Retribuzioni contrattuali bloccate, precariato al top, società rigida, forti disuguaglianze in tema di povertà tra nord e sud, potere d'acquisto mai così basso da quasi 20 anni, sommerso alle stelle. E potremmo anche continuare nel descrivere i dati diffusi nel rapporto annuale dell'Istituto Nazionale di Statistica, riassumibili in unico periodo: da un punto visto economico, sociale e occupazionale, l'Italia è sempre più lontana dagli standard europei. Non che non ne fossimo già a conoscenza, ma l'Istat sbatte in faccia agli italiani una verità quanto mai cruda. L'indagine statistica mette subito in rilievo il «difficile passaggio per l'economia italiana», che a ben vedere, è il linea con il rallentamento del ciclo economico, finanziario e produttivo internazionale. Ma in particolare, in Italia «l'incertezza che segna l'attuale fase ciclica e la capacità produttiva inutilizzata costituiscono un fattore di freno alle decisioni di investimento delle imprese, sulle quali – si sottolinea – pesano anche le difficoltà incontrate nell'accesso al credito bancario, soprattutto per quelle di piccola e media dimensione».

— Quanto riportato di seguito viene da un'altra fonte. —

(* Let $q\in\mathbb C$ with $|q|>1$, let $t\ge 2$ and let $\zeta\in\mathbb C$ be a primitive $t$-th root of unity. For $g\in\mathbb C(z)$ put $\sigma_q(g)(z)=g(qz)$ and $\sigma_\zeta(g)(z)=g(\zeta z)$. Let $a\in\mathbb C(z)$, $a\neq 0$, be written as $$a=\lambda\, z^T\prod_{k=0}^{t-1}\prod_{d=-N-1}^{N}\prod_{i=1}^{R}\bigl(z-\zeta^k q^d r_i\bigr)^{s_{k,d,i}},$$ where $\lambda,r_1,\dots,r_R\in\mathbb C^*$, $T,N,s_{k,d,i}\in\mathbb Z$, and the $r_i$ are pairwise distinct modulo the subgroup $\zeta^{\mathbb Z}q^{\mathbb Z}$ of $\mathbb C^*$. Put $a_{i,k}=\sum_{d=-N-1}^{N}s_{k,d,i}$, $d_{k,i}=\sum_{j=0}^{t-1}\zeta^{kj}a_{i,j}$, and let $D$ be the $t\times R$ matrix whose entry in row $k$ ($k=0,\dots,t-1$) and column $i$ ($i=1,\dots,R$) is $d_{k,i}$; the row with $k=0$ is called the first row. For integers $n_0,\dots,n_{t-1}$ write $\varphi(x)=x^{n_0}(\sigma_\zeta x)^{n_1}\cdots(\sigma_\zeta^{t-1}x)^{n_{t-1}}$. Then: (1) If $T=0$ and either $\lambda^{\mathbb Z}\cap q^{\mathbb Z}\neq\{1\}$ or $\lambda$ is a root of unity, then there exist $0\neq b\in\mathbb C(z)$ and integers $n_0,\dots,n_{t-1}$, not all zero, with $\varphi(a)=\sigma_q(b)/b$ if and only if $D$ has a zero row. (2) If either $T\neq0$, or ($\lambda^{\mathbb Z}\cap q^{\mathbb Z}=\{1\}$ and $\lambda$ is not a root of unity), then there exist $0\neq b\in\mathbb C(z)$ and integers $n_0,\dots,n_{t-1}$, not all zero, with $\varphi(a)=\sigma_q(b)/b$ if and only if $D$ has a zero row other than the first row.
   Context: Here $\varphi(a)$ means $a^{n_0}\sigma_\zeta(a)^{n_1}\cdots\sigma_\zeta^{t-1}(a)^{n_{t-1}}\in\mathbb C(z)$. *)

theory Defs
  imports "HOL-Computational_Algebra.Computational_Algebra"
begin

text \<open>Rational functions C(z) are modelled as the fraction field of complex polynomials.
  The variable z is the polynomial [:0,1:].\<close>

type_synonym ratfun = "complex poly fract"

definition zvar :: ratfun where
  "zvar = to_fract [:0, 1:]"

definition const_rf :: "complex \<Rightarrow> ratfun" where
  "const_rf c = to_fract [:c:]"

text \<open>The substitution operator g(z) \<mapsto> g(c z), computed on some representative
  g = p/r with r \<noteq> 0 (independent of the representative when c \<noteq> 0).\<close>
definition subst_scale :: "complex \<Rightarrow> ratfun \<Rightarrow> ratfun" where
  "subst_scale c g = (case (SOME (p, r). r \<noteq> 0 \<and> g = Fract p r) of (p, r) \<Rightarrow>
      Fract (pcompose p [:0, c:]) (pcompose r [:0, c:]))"

definition phi :: "complex \<Rightarrow> nat \<Rightarrow> (nat \<Rightarrow> int) \<Rightarrow> ratfun \<Rightarrow> ratfun" where
  "phi \<zeta> t n x = (\<Prod>j<t. ((subst_scale \<zeta> ^^ j) x) powi (n j))"

definition primitive_root_of_unity :: "nat \<Rightarrow> complex \<Rightarrow> bool" where
  "primitive_root_of_unity t \<zeta> \<longleftrightarrow> 0 < t \<and> \<zeta> ^ t = 1 \<and> (\<forall>m. 0 < m \<and> m < t \<longrightarrow> \<zeta> ^ m \<noteq> 1)"

definition root_of_unity :: "complex \<Rightarrow> bool" where
  "root_of_unity x \<longleftrightarrow> (\<exists>n::nat. 0 < n \<and> x ^ n = 1)"

definition nontriv_meet :: "complex \<Rightarrow> complex \<Rightarrow> bool" where
  "nontriv_meet lam q \<longleftrightarrow> (\<exists>m n :: int. lam powi m = q powi n \<and> lam powi m \<noteq> 1)"

definition a_rf :: "complex \<Rightarrow> complex \<Rightarrow> nat \<Rightarrow> complex \<Rightarrow> int \<Rightarrow> int \<Rightarrow> nat
    \<Rightarrow> (nat \<Rightarrow> complex) \<Rightarrow> (nat \<Rightarrow> int \<Rightarrow> nat \<Rightarrow> int) \<Rightarrow> ratfun" where
  "a_rf q \<zeta> t lam T N R r s = const_rf lam * zvar powi T *
     (\<Prod>k<t. \<Prod>d\<in>{-N-1..N}. \<Prod>i\<in>{1..R}.
        (zvar - const_rf (\<zeta> ^ k * q powi d * r i)) powi (s k d i))"

definition aik :: "int \<Rightarrow> (nat \<Rightarrow> int \<Rightarrow> nat \<Rightarrow> int) \<Rightarrow> nat \<Rightarrow> nat \<Rightarrow> int" where
  "aik N s i k = (\<Sum>d\<in>{-N-1..N}. s k d i)"

definition Dmat :: "complex \<Rightarrow> nat \<Rightarrow> int \<Rightarrow> (nat \<Rightarrow> int \<Rightarrow> nat \<Rightarrow> int) \<Rightarrow> nat \<Rightarrow> nat \<Rightarrow> complex" where
  "Dmat \<zeta> t N s k i = (\<Sum>j<t. \<zeta> ^ (k * j) * of_int (aik N s i j))"

definition has_solution :: "complex \<Rightarrow> complex \<Rightarrow> nat \<Rightarrow> ratfun \<Rightarrow> bool" where
  "has_solution q \<zeta> t a \<longleftrightarrow> (\<exists>b n. b \<noteq> 0 \<and> (\<exists>j<t. n j \<noteq> 0) \<and>
      phi \<zeta> t n a = subst_scale q b / b)"

end
text \<open>Edge length l(v_i, v_{i+1}) at position i, with l(v_k, v_{k+1}) := 0.\<close>
definition elen :: "('v \<Rightarrow> 'v \<Rightarrow> real) \<Rightarrow> 'v list \<Rightarrow> nat \<Rightarrow> real" where
  "elen len vs i = (if i + 1 < length vs then len (vs ! i) (vs ! (i + 1)) else 0)"

definition lpos :: "('v \<Rightarrow> 'v \<Rightarrow> real) \<Rightarrow> 'v list \<Rightarrow> nat \<Rightarrow> real" where
  "lpos len vs i = (\<Sum>j<i. elen len vs j)"

definition lplus :: "('v \<Rightarrow> 'v \<Rightarrow> real) \<Rightarrow> 'v list \<Rightarrow> nat \<Rightarrow> real" where
  "lplus len vs i = lpos len vs i + elen len vs i / 2"

text \<open>l^-(v_i), with l(v_{-1}, v_0) := 0\<close>
definition lminus :: "('v \<Rightarrow> 'v \<Rightarrow> real) \<Rightarrow> 'v list \<Rightarrow> nat \<Rightarrow> real" where
  "lminus len vs i = lpos len vs i - (if i = 0 then 0 else elen len vs (i - 1)) / 2"

definition Jset :: "('v \<Rightarrow> 'v \<Rightarrow> real) \<Rightarrow> ('v \<Rightarrow> (real \<times> real) set) \<Rightarrow> 'v list \<Rightarrow> nat \<Rightarrow> (real \<times> real) set" where
  "Jset len I vs i =
     (let k = length vs - 1 in
      I (vs ! i)
      \<union> (if i = 0 then {(lplus len vs 0, lplus len vs 0)} else {})
      \<union> (if i = k then {(1 - (lplus len vs k - lplus len vs (k - 1)),
                          1 - (lplus len vs k - lplus len vs (k - 1)))} else {}))"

L'Istat prende in considerazione il segmento 1992-2011, 19 anni in cui:

 l’economia italiana è cresciuta in termini reali a un tasso medio annuo dello 0,9%. La sua performance è stata migliore nel periodo 1992-2000 (+1,8 in media annua), mentre tra il 2000 e il 2011, la crescita media annua rallenta, attestandosi allo 0,4%. Con un punto percentuale in meno all’anno, il nostro Paese si colloca in ultima posizione tra i 27 stati membri, con un consistente distacco rispetto sia ai paesi dell’Eurozona sia a quelli dell’Unione nel suo complesso.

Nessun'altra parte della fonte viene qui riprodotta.